[Work instruction]: Filter this data down to the lines that hold "esub", and copy them.

[Recorded data]
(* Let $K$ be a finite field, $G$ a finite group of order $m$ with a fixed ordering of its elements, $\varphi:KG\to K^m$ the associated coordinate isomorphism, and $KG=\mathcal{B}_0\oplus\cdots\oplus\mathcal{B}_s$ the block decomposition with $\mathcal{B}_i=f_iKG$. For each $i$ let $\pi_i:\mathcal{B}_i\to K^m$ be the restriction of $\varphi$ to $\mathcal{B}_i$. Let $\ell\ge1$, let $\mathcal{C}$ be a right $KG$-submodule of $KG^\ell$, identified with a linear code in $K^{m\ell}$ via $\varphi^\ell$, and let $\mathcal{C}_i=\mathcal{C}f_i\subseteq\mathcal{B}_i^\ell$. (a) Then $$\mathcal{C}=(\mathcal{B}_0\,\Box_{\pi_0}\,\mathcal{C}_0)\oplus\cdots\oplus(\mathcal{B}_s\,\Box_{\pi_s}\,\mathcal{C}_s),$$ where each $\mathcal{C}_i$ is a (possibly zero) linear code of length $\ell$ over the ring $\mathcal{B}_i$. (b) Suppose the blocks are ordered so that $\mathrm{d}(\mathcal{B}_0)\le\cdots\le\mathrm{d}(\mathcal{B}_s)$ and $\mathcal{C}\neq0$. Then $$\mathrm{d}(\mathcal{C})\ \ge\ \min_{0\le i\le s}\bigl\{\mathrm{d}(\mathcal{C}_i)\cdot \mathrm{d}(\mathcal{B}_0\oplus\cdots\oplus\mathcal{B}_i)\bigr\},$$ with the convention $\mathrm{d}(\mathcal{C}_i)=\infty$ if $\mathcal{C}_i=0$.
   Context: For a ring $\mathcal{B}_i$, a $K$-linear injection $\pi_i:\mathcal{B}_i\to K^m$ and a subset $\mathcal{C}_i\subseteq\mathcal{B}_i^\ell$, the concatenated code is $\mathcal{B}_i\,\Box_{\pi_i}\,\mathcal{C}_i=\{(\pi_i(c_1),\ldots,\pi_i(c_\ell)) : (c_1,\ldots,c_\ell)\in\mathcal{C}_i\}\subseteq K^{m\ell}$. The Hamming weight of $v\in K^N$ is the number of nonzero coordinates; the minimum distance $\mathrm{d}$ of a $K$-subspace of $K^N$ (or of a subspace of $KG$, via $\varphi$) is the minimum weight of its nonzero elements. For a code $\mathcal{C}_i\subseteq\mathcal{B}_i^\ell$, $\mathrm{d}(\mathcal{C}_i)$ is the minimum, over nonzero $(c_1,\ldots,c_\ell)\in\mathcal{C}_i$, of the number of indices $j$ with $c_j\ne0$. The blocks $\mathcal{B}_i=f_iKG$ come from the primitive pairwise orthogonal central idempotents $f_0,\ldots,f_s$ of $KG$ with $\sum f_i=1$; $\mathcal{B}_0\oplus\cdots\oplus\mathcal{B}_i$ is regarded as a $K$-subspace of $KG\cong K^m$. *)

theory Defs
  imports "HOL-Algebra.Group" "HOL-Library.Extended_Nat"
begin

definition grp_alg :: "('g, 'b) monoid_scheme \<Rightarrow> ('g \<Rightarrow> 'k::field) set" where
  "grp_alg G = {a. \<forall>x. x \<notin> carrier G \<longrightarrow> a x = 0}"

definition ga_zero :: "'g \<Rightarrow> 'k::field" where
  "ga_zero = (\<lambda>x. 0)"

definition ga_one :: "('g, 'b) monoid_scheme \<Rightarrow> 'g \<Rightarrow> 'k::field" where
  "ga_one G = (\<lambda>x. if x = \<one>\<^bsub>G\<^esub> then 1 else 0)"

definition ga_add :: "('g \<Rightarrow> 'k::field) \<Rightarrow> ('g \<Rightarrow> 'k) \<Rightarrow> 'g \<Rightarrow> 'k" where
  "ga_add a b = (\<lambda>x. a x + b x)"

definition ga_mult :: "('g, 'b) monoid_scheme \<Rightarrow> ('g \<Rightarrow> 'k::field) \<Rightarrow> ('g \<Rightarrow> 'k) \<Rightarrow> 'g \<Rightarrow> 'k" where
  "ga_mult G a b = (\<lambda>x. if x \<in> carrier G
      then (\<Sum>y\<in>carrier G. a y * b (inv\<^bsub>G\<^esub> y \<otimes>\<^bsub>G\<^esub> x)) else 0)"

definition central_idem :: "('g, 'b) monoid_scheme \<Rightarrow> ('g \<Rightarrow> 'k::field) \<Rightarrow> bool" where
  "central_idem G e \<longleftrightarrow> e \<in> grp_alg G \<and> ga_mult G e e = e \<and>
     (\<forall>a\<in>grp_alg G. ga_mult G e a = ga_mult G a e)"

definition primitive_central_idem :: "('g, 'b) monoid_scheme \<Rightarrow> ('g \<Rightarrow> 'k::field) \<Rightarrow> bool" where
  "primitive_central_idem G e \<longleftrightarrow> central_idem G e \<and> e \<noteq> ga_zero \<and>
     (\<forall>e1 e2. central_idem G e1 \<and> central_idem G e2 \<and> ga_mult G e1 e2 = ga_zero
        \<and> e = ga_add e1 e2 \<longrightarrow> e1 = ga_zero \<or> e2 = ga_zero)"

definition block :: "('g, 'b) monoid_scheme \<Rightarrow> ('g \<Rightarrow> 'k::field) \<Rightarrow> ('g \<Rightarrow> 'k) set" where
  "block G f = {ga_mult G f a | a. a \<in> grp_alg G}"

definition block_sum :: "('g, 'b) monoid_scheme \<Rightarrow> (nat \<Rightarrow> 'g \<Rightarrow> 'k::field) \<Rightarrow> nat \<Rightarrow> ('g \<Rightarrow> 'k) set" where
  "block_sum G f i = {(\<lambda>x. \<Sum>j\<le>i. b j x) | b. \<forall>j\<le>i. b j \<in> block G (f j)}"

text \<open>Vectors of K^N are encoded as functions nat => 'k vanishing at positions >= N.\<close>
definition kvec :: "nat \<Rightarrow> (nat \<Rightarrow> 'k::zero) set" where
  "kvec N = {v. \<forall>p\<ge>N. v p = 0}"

[Expected output]:
  "ga_one G = (\<lambda>x. if x = \<one>\<^bsub>G\<^esub> then 1 else 0)"
      then (\<Sum>y\<in>carrier G. a y * b (inv\<^bsub>G\<^esub> y \<otimes>\<^bsub>G\<^esub> x)) else 0)"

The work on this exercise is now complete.